New Delhi, Jul 8 (PTI) Early menopause which can occur before age 45 affects 1 in 14 women aged 30 to 49 living in low and middle-income countries, a study published in the British Medical Journal (BMJ) Global Health has estimated.
Researchers from the International Centre for Diarrhoeal Disease Research, Bangladesh, said health consequences of early and premature menopause will strain the health systems of the countries, particularly those in South Asia and East Asia and the Pacific, and sub-Saharan Africa.
Women usually go through the menopause between the ages of 45 and 55, but it is considered to be early if it occurs before the age of 45, and premature if it occurs before the age of 40.
Incidence was found to be consistently higher in rural areas than urban ones across the regions and countries studied, but education and delayed childbearing may strongly minimise the risk, the researchers said.
Pooled data was included from the Demographic and Health Survey (DHS) conducted since 2015 for 7,16,648 women between the ages of 30 and 49 in 44 low and middle-income countries, such as India, Indonesia, Gabon and Jordan, where women tend to experience menopause earlier than those in high income countries.
Data of nearly 3,65,000 women from India was included.
All regions of the world were studied other than North and South America for which no data were available.
Early and premature menopause can heighten risks of cardiovascular disease, osteoporosis, metabolic disorders, cognitive decline, depression, and early death and are major public health concerns. The conditions also seriously affect a woman’s quality of life.
South Asian women have a 34 per cent increased risk of a premature menopause, compared to European women, with half attaining menopause by age 47.4, according to a study published in The Lancet Obstetrics, Gynaecology, and Women’s Health journal in June.
The overall prevalence of premature or early menopause was over seven per cent (51,000 out of 716,648 women) — much higher than previous global estimates—with the highest prevalence among 40-44 year olds (14 per cent), the researchers found.
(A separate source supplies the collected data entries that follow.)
(* The class of unital equivariantly supported reflexive based quantal frames satisfying the inverse law can be identified with the class of inverse quantal frames. Precisely: if $Q$ is an equivariantly supported reflexive based quantal frame (with base locale $A$, support $\varsigma$ and $\upsilon:Q\to A$) which has a multiplicative unit $e$ and satisfies the inverse law, then $Q$, as a unital involutive quantale, is an inverse quantal frame; and conversely every inverse quantal frame $Q$, regarded as a based quantal frame over $A={\downarrow}e$ with actions given by multiplication, support $\varsigma(q)=q1_Q\wedge e$ and $\upsilon(q)=q\wedge e$, is an equivariantly supported reflexive based quantal frame satisfying the inverse law.
   Context: For a locale $A$, an $A$-$A$-bimodule is a sup-lattice $M$ with actions $a\triangleright m$, $m\triangleleft a$ preserving joins in each variable, with $1_A\triangleright m=m$, $(a\wedge b)\triangleright m=a\triangleright(b\triangleright m)$, $m\triangleleft1_A=m$, $m\triangleleft(a\wedge b)=(m\triangleleft a)\triangleleft b$, $(a\triangleright m)\triangleleft b=a\triangleright(m\triangleleft b)$. An $A$-$A$-quantale is such a $Q$ with associative join-preserving multiplication and $(a\triangleright x)y=a\triangleright(xy)$, $(x\triangleleft a)y=x(a\triangleright y)$, $(xy)\triangleleft a=x(y\triangleleft a)$; involutive if there is a join-preserving $x\mapsto x^*$ with $x^{**}=x$, $(xy)^*=y^*x^*$, $(a\triangleright(x\triangleleft b))^*=b\triangleright(x^*\triangleleft a)$. $1_Q$ is the top. A support is a join-preserving $\varsigma:Q\to A$ with $\varsigma(1_Q)=1_A$, $\varsigma(x)\triangleright y\le xx^*y$, $\varsigma(x)\triangleright x=x$; equivariant if $\varsigma(a\triangleright x)=a\wedge\varsigma(x)$. A based quantal frame is an involutive $A$-$A$-quantale which is a frame with $(a\triangleright x)\wedge y=a\triangleright(x\wedge y)$, $(x\triangleleft a)\wedge y=(x\wedge y)\triangleleft a$; reflexive: a frame homomorphism $\upsilon:Q\to A$ with $\upsilon(a\triangleright1_Q)=a=\upsilon(1_Q\triangleleft a)$. Inverse law: $\upsilon(a)\triangleright1_Q=\bigvee_{xy^*\le a}x\wedge y$ for all $a\in Q$. An inverse quantal frame is a unital involutive quantale $Q$ (unit $e$) whose lattice is a frame, with a stable unital support, i.e. a join-preserving $\varsigma:Q\to Q$ with $\varsigma(x)\le e$, $\varsigma(x)\le xx^*$, $x\le\varsigma(x)x$ and $\varsigma(xy)=\varsigma(x\varsigma(y))$, such that $\bigvee\{s\in Q\mid ss^*\vee s^*s\le e\}=1_Q$. *)

theory Defs
  imports Main
begin

definition is_frame_type :: "'q::complete_lattice itself \<Rightarrow> bool" where
  "is_frame_type _ \<longleftrightarrow> (\<forall>(x::'q) S. inf x (Sup S) = Sup ((inf x) ` S))"

text \<open>A locale A is represented by a carrier set AC inside a complete lattice, closed under
  arbitrary joins and binary meets (computed in the ambient lattice), with the frame
  distributive law. Its top element is Sup AC. (Any locale A is such a carrier with AC = UNIV;
  the down-set of an element of a frame is another instance.)\<close>
definition locale_carrier :: "'a::complete_lattice set \<Rightarrow> bool" where
  "locale_carrier AC \<longleftrightarrow>
     (\<forall>S. S \<subseteq> AC \<longrightarrow> Sup S \<in> AC) \<and>
     (\<forall>a\<in>AC. \<forall>b\<in>AC. inf a b \<in> AC) \<and>
     (\<forall>a\<in>AC. \<forall>S. S \<subseteq> AC \<longrightarrow> inf a (Sup S) = Sup ((inf a) ` S))"

abbreviation topA :: "'a::complete_lattice set \<Rightarrow> 'a" where
  "topA AC \<equiv> Sup AC"

definition join_pres :: "('x::complete_lattice \<Rightarrow> 'y::complete_lattice) \<Rightarrow> bool" where
  "join_pres f \<longleftrightarrow> (\<forall>X. f (Sup X) = Sup (f ` X))"

definition bimodule ::
  "'a::complete_lattice set \<Rightarrow> ('a \<Rightarrow> 'q::complete_lattice \<Rightarrow> 'q) \<Rightarrow> ('q \<Rightarrow> 'a \<Rightarrow> 'q) \<Rightarrow> bool" where
  "bimodule AC lact ract \<longleftrightarrow>
     locale_carrier AC \<and>
     (\<forall>S m. S \<subseteq> AC \<longrightarrow> lact (Sup S) m = Sup ((\<lambda>a. lact a m) ` S)) \<and>
     (\<forall>a\<in>AC. join_pres (lact a)) \<and>
     (\<forall>S m. S \<subseteq> AC \<longrightarrow> ract m (Sup S) = Sup ((\<lambda>a. ract m a) ` S)) \<and>
     (\<forall>a\<in>AC. join_pres (\<lambda>m. ract m a)) \<and>
     (\<forall>m. lact (topA AC) m = m) \<and>
     (\<forall>a\<in>AC. \<forall>b\<in>AC. \<forall>m. lact (inf a b) m = lact a (lact b m)) \<and>
     (\<forall>m. ract m (topA AC) = m) \<and>
     (\<forall>a\<in>AC. \<forall>b\<in>AC. \<forall>m. ract m (inf a b) = ract (ract m a) b) \<and>
     (\<forall>a\<in>AC. \<forall>b\<in>AC. \<forall>m. ract (lact a m) b = lact a (ract m b))"

definition AA_quantale ::
  "'a::complete_lattice set \<Rightarrow> ('a \<Rightarrow> 'q::complete_lattice \<Rightarrow> 'q) \<Rightarrow> ('q \<Rightarrow> 'a \<Rightarrow> 'q)
   \<Rightarrow> ('q \<Rightarrow> 'q \<Rightarrow> 'q) \<Rightarrow> bool" where
  "AA_quantale AC lact ract mult \<longleftrightarrow>
     bimodule AC lact ract \<and>
     (\<forall>x y z. mult (mult x y) z = mult x (mult y z)) \<and>
     (\<forall>y. join_pres (\<lambda>x. mult x y)) \<and>
     (\<forall>x. join_pres (mult x)) \<and>
     (\<forall>a\<in>AC. \<forall>x y. mult (lact a x) y = lact a (mult x y)) \<and>
     (\<forall>a\<in>AC. \<forall>x y. mult (ract x a) y = mult x (lact a y)) \<and>
     (\<forall>a\<in>AC. \<forall>x y. ract (mult x y) a = mult x (ract y a))"

definition involutive_AA_quantale ::
  "'a::complete_lattice set \<Rightarrow> ('a \<Rightarrow> 'q::complete_lattice \<Rightarrow> 'q) \<Rightarrow> ('q \<Rightarrow> 'a \<Rightarrow> 'q)
   \<Rightarrow> ('q \<Rightarrow> 'q \<Rightarrow> 'q) \<Rightarrow> ('q \<Rightarrow> 'q) \<Rightarrow> bool" where
  "involutive_AA_quantale AC lact ract mult star \<longleftrightarrow>
     AA_quantale AC lact ract mult \<and>
     join_pres star \<and>
     (\<forall>x. star (star x) = x) \<and>
     (\<forall>x y. star (mult x y) = mult (star y) (star x)) \<and>
     (\<forall>a\<in>AC. \<forall>b\<in>AC. \<forall>x. star (lact a (ract x b)) = lact b (ract (star x) a))"

definition is_support ::
  "'a::complete_lattice set \<Rightarrow> ('a \<Rightarrow> 'q::complete_lattice \<Rightarrow> 'q)
   \<Rightarrow> ('q \<Rightarrow> 'q \<Rightarrow> 'q) \<Rightarrow> ('q \<Rightarrow> 'q) \<Rightarrow> ('q \<Rightarrow> 'a) \<Rightarrow> bool" where
  "is_support AC lact mult star \<sigma> \<longleftrightarrow>
     (\<forall>x. \<sigma> x \<in> AC) \<and>
     join_pres \<sigma> \<and>
     \<sigma> top = topA AC \<and>
     (\<forall>x y. lact (\<sigma> x) y \<le> mult (mult x (star x)) y) \<and>
     (\<forall>x. lact (\<sigma> x) x = x)"

definition equivariant_support ::
  "'a::complete_lattice set \<Rightarrow> ('a \<Rightarrow> 'q::complete_lattice \<Rightarrow> 'q) \<Rightarrow> ('q \<Rightarrow> 'a) \<Rightarrow> bool" where
  "equivariant_support AC lact \<sigma> \<longleftrightarrow> (\<forall>a\<in>AC. \<forall>x. \<sigma> (lact a x) = inf a (\<sigma> x))"

definition based_quantal_frame ::
  "'a::complete_lattice set \<Rightarrow> ('a \<Rightarrow> 'q::complete_lattice \<Rightarrow> 'q) \<Rightarrow> ('q \<Rightarrow> 'a \<Rightarrow> 'q)
   \<Rightarrow> ('q \<Rightarrow> 'q \<Rightarrow> 'q) \<Rightarrow> ('q \<Rightarrow> 'q) \<Rightarrow> bool" where
  "based_quantal_frame AC lact ract mult star \<longleftrightarrow>
     involutive_AA_quantale AC lact ract mult star \<and>
     is_frame_type TYPE('q) \<and>
     (\<forall>a\<in>AC. \<forall>x y. inf (lact a x) y = lact a (inf x y)) \<and>
     (\<forall>a\<in>AC. \<forall>x y. inf (ract x a) y = ract (inf x y) a)"

definition frame_hom_to ::
  "'a::complete_lattice set \<Rightarrow> ('q::complete_lattice \<Rightarrow> 'a) \<Rightarrow> bool" where
  "frame_hom_to AC f \<longleftrightarrow>
     (\<forall>x. f x \<in> AC) \<and> join_pres f \<and> (\<forall>x y. f (inf x y) = inf (f x) (f y)) \<and> f top = topA AC"

definition reflexive_bqf ::
  "'a::complete_lattice set \<Rightarrow> ('a \<Rightarrow> 'q::complete_lattice \<Rightarrow> 'q) \<Rightarrow> ('q \<Rightarrow> 'a \<Rightarrow> 'q)
   \<Rightarrow> ('q \<Rightarrow> 'a) \<Rightarrow> bool" where
  "reflexive_bqf AC lact ract \<upsilon> \<longleftrightarrow>
     frame_hom_to AC \<upsilon> \<and>
     (\<forall>a\<in>AC. \<upsilon> (lact a top) = a \<and> \<upsilon> (ract top a) = a)"

definition inverse_law ::
  "('a \<Rightarrow> 'q::complete_lattice \<Rightarrow> 'q) \<Rightarrow> ('q \<Rightarrow> 'q \<Rightarrow> 'q) \<Rightarrow> ('q \<Rightarrow> 'q) \<Rightarrow> ('q \<Rightarrow> 'a) \<Rightarrow> bool" where
  "inverse_law lact mult star \<upsilon> \<longleftrightarrow>
     (\<forall>a. lact (\<upsilon> a) top = Sup {inf x y | x y. mult x (star y) \<le> a})"

definition mult_unit :: "('q \<Rightarrow> 'q \<Rightarrow> 'q) \<Rightarrow> 'q \<Rightarrow> bool" where
  "mult_unit mult e \<longleftrightarrow> (\<forall>x. mult e x = x \<and> mult x e = x)"

definition unital_involutive_quantale ::
  "('q::complete_lattice \<Rightarrow> 'q \<Rightarrow> 'q) \<Rightarrow> ('q \<Rightarrow> 'q) \<Rightarrow> 'q \<Rightarrow> bool" where
  "unital_involutive_quantale mult star e \<longleftrightarrow>
     (\<forall>x y z. mult (mult x y) z = mult x (mult y z)) \<and>
     (\<forall>y. join_pres (\<lambda>x. mult x y)) \<and>
     (\<forall>x. join_pres (mult x)) \<and>
     mult_unit mult e \<and>
     join_pres star \<and>
     (\<forall>x. star (star x) = x) \<and>
     (\<forall>x y. star (mult x y) = mult (star y) (star x))"

definition stable_unital_support ::
  "('q::complete_lattice \<Rightarrow> 'q \<Rightarrow> 'q) \<Rightarrow> ('q \<Rightarrow> 'q) \<Rightarrow> 'q \<Rightarrow> ('q \<Rightarrow> 'q) \<Rightarrow> bool" where
  "stable_unital_support mult star e \<sigma> \<longleftrightarrow>
     join_pres \<sigma> \<and>
     (\<forall>x. \<sigma> x \<le> e) \<and>
     (\<forall>x. \<sigma> x \<le> mult x (star x)) \<and>
     (\<forall>x. x \<le> mult (\<sigma> x) x) \<and>
     (\<forall>x y. \<sigma> (mult x y) = \<sigma> (mult x (\<sigma> y)))"

definition inverse_quantal_frame ::
  "('q::complete_lattice \<Rightarrow> 'q \<Rightarrow> 'q) \<Rightarrow> ('q \<Rightarrow> 'q) \<Rightarrow> 'q \<Rightarrow> bool" where
  "inverse_quantal_frame mult star e \<longleftrightarrow>
     unital_involutive_quantale mult star e \<and>
     is_frame_type TYPE('q) \<and>
     (\<exists>\<sigma>. stable_unital_support mult star e \<sigma>) \<and>
     Sup {s. sup (mult s (star s)) (mult (star s) s) \<le> e} = top"

end

theory Submission
  imports Defs
begin

text \<open>
  Given a support \<open>\<varsigma>\<close> on a based quantal frame with unit \<open>e\<close>, the map \<open>x \<mapsto> \<varsigma>(x) \<triangleright> e\<close> is a
  stable unital support: stability \<open>\<varsigma>(xy) = \<varsigma>(x \<varsigma>(y))\<close> follows from \<open>xy = x \<varsigma>(y) y\<close> and the
  inequality \<open>\<varsigma>(xz) \<le> \<varsigma>(x)\<close>, which is where equivariance enters. The inverse law at \<open>e\<close>
  says that the elements \<open>x \<and> y\<close> with \<open>xy\<^sup>* \<le> e\<close> join to \<open>\<upsilon>(e) \<triangleright> 1\<close>, which is \<open>1\<close> because it lies
  above \<open>e\<close>; meeting this cover with its image under the involution gives a cover by partial
  units.

  Conversely, in an inverse quantal frame every stable support equals \<open>x \<mapsto> x1 \<and> e\<close>, elements
  below \<open>e\<close> multiply by meets and act by \<open>a x = a1 \<and> x\<close>, which yields all the axioms of a
  based quantal frame over \<open>\<down>e\<close>. For the inverse law, \<open>b1\<close> with \<open>b \<le> e\<close> is the join of the
  \<open>bs\<close> for partial units \<open>s\<close>, and \<open>(bs)(bs)\<^sup>* \<le> b\<close>; conversely every \<open>w = x \<and> y\<close> with
  \<open>xy\<^sup>* \<le> a\<close> satisfies \<open>w = \<varsigma>(w) w \<le> (a \<and> e) 1\<close>.
\<close>

lemma join_pres_mono:
  assumes "join_pres f"
  shows "mono f"
proof
  fix x y :: 'a
  assume "x \<le> y"
  then have "f y = Sup {f x, f y}"
    using assms[unfolded join_pres_def, rule_format, of "{x, y}"] by (simp add: sup_absorb2)
  then show "f x \<le> f y"
    by (metis Sup_upper insertI1)
qed

lemma join_pres_mult_mono:
  assumes "\<And>y. join_pres (\<lambda>x. mult x y)" and "\<And>x. join_pres (mult x)"
    and "x \<le> x'" and "y \<le> y'"
  shows "mult x y \<le> mult x' y'"
  using monoD[OF join_pres_mono[OF assms(1)] assms(3)] monoD[OF join_pres_mono[OF assms(2)] assms(4)]
  by (rule order_trans)

lemma frame_inf_Sup:
  fixes x :: "'q::complete_lattice"
  assumes "is_frame_type TYPE('q)"
  shows "inf x (Sup S) = (SUP s\<in>S. inf x s)"
  using assms unfolding is_frame_type_def by blast

lemma frame_inf_Sup_Sup:
  fixes L R :: "'q::complete_lattice set"
  assumes frame: "is_frame_type TYPE('q)"
  shows "inf (Sup L) (Sup R) = Sup {inf l r | l r. l \<in> L \<and> r \<in> R}"
proof (rule antisym)
  have "inf (Sup L) (Sup R) = (SUP r\<in>R. inf r (Sup L))"
    by (simp add: frame_inf_Sup[OF frame] inf_commute)
  also have "\<dots> = (SUP r\<in>R. SUP l\<in>L. inf l r)"
    by (simp add: frame_inf_Sup[OF frame] inf_commute)
  also have "\<dots> \<le> Sup {inf l r | l r. l \<in> L \<and> r \<in> R}"
    by (blast intro: SUP_least Sup_upper)
  finally show "inf (Sup L) (Sup R) \<le> Sup {inf l r | l r. l \<in> L \<and> r \<in> R}" .
next
  show "Sup {inf l r | l r. l \<in> L \<and> r \<in> R} \<le> inf (Sup L) (Sup R)"
    by (rule Sup_least) (auto intro: le_infI1 le_infI2 Sup_upper)
qed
The highest prevalence was in Ethiopia, Indonesia, and Myanmar at 12 per cent, 11.5 per cent and over 10 per cent, respectively, and the lowest in Jordan at over two per cent, and nearly three per cent in both Gabon, and Armenia.
Most survey respondents lived in rural areas (62 per cent) and were found to be aged between 30 and 34 (29 per cent). Both women and their husbands were most often educated up to secondary school level (34 per cent and 17 per cent, respectively).
More than a third (38 per cent) of the women married before turning 18, and around 1 in 5 (21 per cent) gave birth to their first child before the age. Over half the women (58 per cent) had three or more children.
“With populations in (these countries) ageing rapidly and women expected to spend an increasing proportion of their lives in the postmenopausal state, the prevalence represents a substantial and growing burden on health systems already constrained by competing priorities and limited resources,” the authors wrote.
The findings reflect fundamental inequalities in healthcare access, nutritional status, educational opportunities and occupational exposures, the researchers said, adding that women in the regions were more likely to work as manual labourers and face workplace hazards.
They also underscored the urgent need to integrate menopause into reproductive health and non-communicable disease programmes.